6 Incredible Effects of Giving up Coffee for a Month, Say Dietitians
From kickstarting your morning to providing an afternoon pick-me-up, drinking coffee is a tried-and-true way to get a much-needed boost of energy. Although coffee consumption is tied to a range of benefits—including decreased risk of Alzheimer's disease, improved mood, and even potentially helping you live longer, there are also some less appealing side effects. For instance, according to the National Library of Medicine, too much caffeine can lead to anxiety, insomnia, restlessness, a faster heart rate, headaches, and dependence on caffeine. They also mention that coffee may increase the stomach acid in your body, which for some, can lead to heartburn. If any of these side effects have been impacting your life and you've been considering giving up coffee, chances are you've been intimidated to start.
Kicking your coffee habit may initially sound quite daunting, especially if you're worried about withdrawal symptoms. According to the Cleveland Clinic, dependence on caffeine is not technically an addiction, but it can absolutely lead to withdrawal if you decide to quit. Symptoms of withdrawal include possible headaches, sleepiness, nausea, and irritability. While these symptoms may feel intimidating, it can help to focus on the benefits that may come from kicking your coffee habit.
To get the breakdown of the effects of giving up coffee for a month, we consulted our Medical Expert Board members Tammy Lakatos Shames, RDN, CDN, CFT, and Lyssie Lakatos, RDN, CDN, CFT, also known as The Nutrition Twins. Read on to learn more about how breaking up with coffee can impact your body. And for more, don't forget to check out why Yerba Mate Tea May Help You Focus Better Than Coffee.
Caffeine is a stimulant, which means it speeds up the activity in your brain and nervous system. While this can help keep you alert during the day, it may end up disrupting your sleep cycle at night, ultimately causing drowsiness the following day. This can even be true if you drink your coffee at least six hours before going to bed, the Nutrition Twins say.
Giving up caffeine could reverse these effects, allowing you to not only get more restful sleep, but fall asleep in a shorter amount of time.
Decreased risk of tooth decay
In addition to being notorious for staining teeth, coffee is known for weakening them, as well.
"The caffeine in coffee can cause dry mouth, and saliva fights bacteria. So, the drier your mouth is, the greater risk of cavities," say the Nutrition Twins.
Studies also show that highly-acidic drinks can result in enamel wear and decay. Given the high acidity of coffee, skipping out on your daily java could promote healthier, whiter teeth.
More youthful skin
Although coffee beans are packed with free radical damage-fighting antioxidants, the skin-promoting benefits are primarily obtained through topical products. In fact, drinking coffee has actually been suggested to have possible skin aging effects.
In particular, "Caffeine slows down the rate at which the body produces collagen—the protein that keeps your skin elasticity," the Nutrition Twins say. When the amount of collagen is decreased, the skin starts to sag, and wrinkles form.
Lower blood pressure
"Blood pressure rises after having caffeine, and this may be especially true with a younger population," the Nutrition Twins say.
According to the Mayo Clinic, some researchers think caffeine could block a hormone that helps your arteries widen, while others believe caffeine triggers the release of adrenaline, which causes blood pressure to spike. Regardless, caffeine is still not known to have a long-term effect on your blood pressure.

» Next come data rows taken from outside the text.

definition marginal_x :: "('x \<times> 'y::finite \<Rightarrow> real) \<Rightarrow> ('x \<Rightarrow> real)" where
  "marginal_x P = (\<lambda>a. \<Sum>b\<in>UNIV. P (a, b))"

definition tclass :: "nat \<Rightarrow> ('x \<Rightarrow> real) \<Rightarrow> 'x list set" where
  "tclass n Q = {xs. xs \<in> seqs n \<and> (\<forall>a. real (count_list xs a) / real n = Q a)}"

definition wak_code :: "nat \<Rightarrow> nat set \<Rightarrow> nat set \<Rightarrow> ('x list \<Rightarrow> nat) \<Rightarrow> ('y list \<Rightarrow> nat)
    \<Rightarrow> (nat \<Rightarrow> nat \<Rightarrow> 'y list) \<Rightarrow> bool" where
  "wak_code n M0 M2 phi0 phi2 psi \<longleftrightarrow>
     finite M0 \<and> finite M2 \<and>
     (\<forall>xs\<in>seqs n. phi0 xs \<in> M0) \<and> (\<forall>ys\<in>seqs n. phi2 ys \<in> M2) \<and>
     (\<forall>m0\<in>M0. \<forall>m2\<in>M2. psi m0 m2 \<in> seqs n)"

(* Error probability of the code under the uniform distribution on a finite set S of sequence pairs. *)
definition wak_error_unif :: "('x list \<Rightarrow> nat) \<Rightarrow> ('y list \<Rightarrow> nat) \<Rightarrow> (nat \<Rightarrow> nat \<Rightarrow> 'y list)
    \<Rightarrow> ('x list \<times> 'y list) set \<Rightarrow> real" where
  "wak_error_unif phi0 phi2 psi S =
     real (card {(xs, ys) \<in> S. psi (phi0 xs) (phi2 ys) \<noteq> ys}) / real (card S)"

end

theory Submission
  imports Defs "HOL-Library.Nat_Bijection"
begin

text \<open>Keep the decoder and refine the encoder: inside the type class \<open>T\<close>, the bin
  \<open>B\<^sub>m = phi0\<^sup>-\<^sup>1(m) \<inter> T\<close> of each message \<open>m\<close> is enumerated and cut into chunks of
  \<open>k = |T| div |M0|\<close> consecutive elements, and the chunk index is sent along with \<open>m\<close>.
  The decoder discards the chunk index, so the error is unchanged; every new bin meets \<open>T\<close> in at
  most \<open>k \<le> |T| / |M0|\<close> sequences; and there are at most
  \<open>\<Sum>\<^sub>m (|B\<^sub>m| div k + 1) \<le> |M0| + |T| div k < 3 |M0|\<close> new messages, i.e. less than two
  extra bits. The slack \<open>log n + log log |X|\<close> is nonnegative and not needed, nor is the
  hypothesis that \<open>P\<close> is a joint type.\<close>

definition rank_in :: "'a set \<Rightarrow> 'a \<Rightarrow> nat" where
  "rank_in A = (SOME g. bij_betw g A {0..<card A})"

lemma bij_betw_rank_in: "finite A \<Longrightarrow> bij_betw (rank_in A) A {0..<card A}"
  unfolding rank_in_def by (rule someI_ex[OF ex_bij_betw_finite_nat])

definition refine_encoder :: "'a set \<Rightarrow> ('a \<Rightarrow> nat) \<Rightarrow> nat \<Rightarrow> 'a \<Rightarrow> nat" where
  "refine_encoder T f k x =
     prod_encode (f x, if x \<in> T then rank_in {y \<in> T. f y = f x} x div k else 0)"

lemma fst_prod_decode_refine_encoder [simp]:
  "fst (prod_decode (refine_encoder T f k x)) = f x"
  by (simp add: refine_encoder_def)

lemma card_le_if_inj_on_div_const:
  fixes h :: "'a \<Rightarrow> nat"
  assumes "0 < k" "inj_on h A" "\<And>x. x \<in> A \<Longrightarrow> h x div k = j"
  shows "card A \<le> k"
proof -
  have "h ` A \<subseteq> {j * k..<j * k + k}"
  proof
    fix y assume "y \<in> h ` A"
    then have "y div k = j" using assms(3) by auto
    then have "y = j * k + y mod k" using div_mult_mod_eq[of y k] by simp
    moreover have "y mod k < k" using assms(1) by simp
    ultimately show "y \<in> {j * k..<j * k + k}" by (simp only: atLeastLessThan_iff) linarith
  qed
  then have "card (h ` A) \<le> k" using card_mono[of "{j * k..<j * k + k}"] by fastforce
  with assms(2) show ?thesis by (simp add: card_image)
qed

lemma card_refine_encoder_fiber_le:
  assumes "finite T" "0 < k"
  shows "card {x \<in> T. refine_encoder T f k x = l} \<le> k"
proof (cases "{x \<in> T. refine_encoder T f k x = l} = {}")
  case False
  then obtain x0 where x0: "x0 \<in> T" "refine_encoder T f k x0 = l" by auto
  define B where "B = {y \<in> T. f y = f x0}"
  define F where "F = {x \<in> T. refine_encoder T f k x = l}"
  have same_bin_and_chunk: "f x = f x0 \<and> rank_in B x div k = rank_in B x0 div k" if "x \<in> F" for x
  proof -
    have "x \<in> T" "refine_encoder T f k x = l" using that by (simp_all add: F_def)
    then have "prod_encode (f x, rank_in {y \<in> T. f y = f x} x div k) = prod_encode (f x0, rank_in B x0 div k)"
      using x0 by (simp add: refine_encoder_def B_def)
    then have "(f x, rank_in {y \<in> T. f y = f x} x div k) = (f x0, rank_in B x0 div k)"
      by (simp only: prod_encode_eq)
    then obtain fx: "f x = f x0" and "rank_in {y \<in> T. f y = f x} x div k = rank_in B x0 div k"
      by (rule Pair_inject)
    then show ?thesis unfolding fx B_def by simp
  qed
  have "F \<subseteq> B" using same_bin_and_chunk by (auto simp: F_def B_def)
  moreover have "inj_on (rank_in B) B"
    using bij_betw_rank_in[of B] assms(1) by (simp add: B_def bij_betw_def)
  ultimately have "inj_on (rank_in B) F" by (rule inj_on_subset[rotated])
  moreover have "rank_in B x div k = rank_in B x0 div k" if "x \<in> F" for x
    using same_bin_and_chunk[OF that] by simp
  ultimately have "card F \<le> k" by (rule card_le_if_inj_on_div_const[OF assms(2)])
  then show ?thesis by (simp add: F_def)
qed (simp only: card.empty le0)

lemma sum_div_le_div_sum:
  fixes a :: "'i \<Rightarrow> nat"
  shows "(\<Sum>i\<in>I. a i div k) \<le> (\<Sum>i\<in>I. a i) div k"
proof -
  have "(\<Sum>i\<in>I. a i div k) * k \<le> (\<Sum>i\<in>I. a i)"
    unfolding sum_distrib_right by (rule sum_mono) simp
  then show ?thesis
    by (cases "k = 0") (simp_all add: less_eq_div_iff_mult_less_eq)
qed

However, cutting caffeine could help combat the short-term spikes in your levels.
Better nutrient absorption
According to the Nutrition Twins, giving up coffee means "you may be able to absorb your nutrients better."
A review published in Food Science and Quality Management shows that high levels of caffeine can interfere with the absorption of nutrients, including B vitamins and minerals like calcium, iron, and magnesium, and that it can also lead to nutrient depletion of vitamins like B6.
They do make the distinction that sticking to around 300 milligrams of caffeine or less per day should be fine and most likely won't cause any significant interactions with these nutrients. To put this into perspective, there are about 95 milligrams of caffeine in an average cup of black coffee and about 63 in one ounce of espresso.
While black coffee contains virtually no calories, it's not the most popular option. Sugar, syrup, and high-calorie creamers might make your bean juice taste better, but they can also increase the likelihood of weight gain.
"For many, their daily one-to-two cups of coffee may be adding more than 500 calories a day, which could result in roughly a one-pound weight loss each week after giving up coffee," say the Nutrition Twins. "Plus, by reducing consumption of sugar and cream, you ingest less inflammation-promoting foods, like added sugar."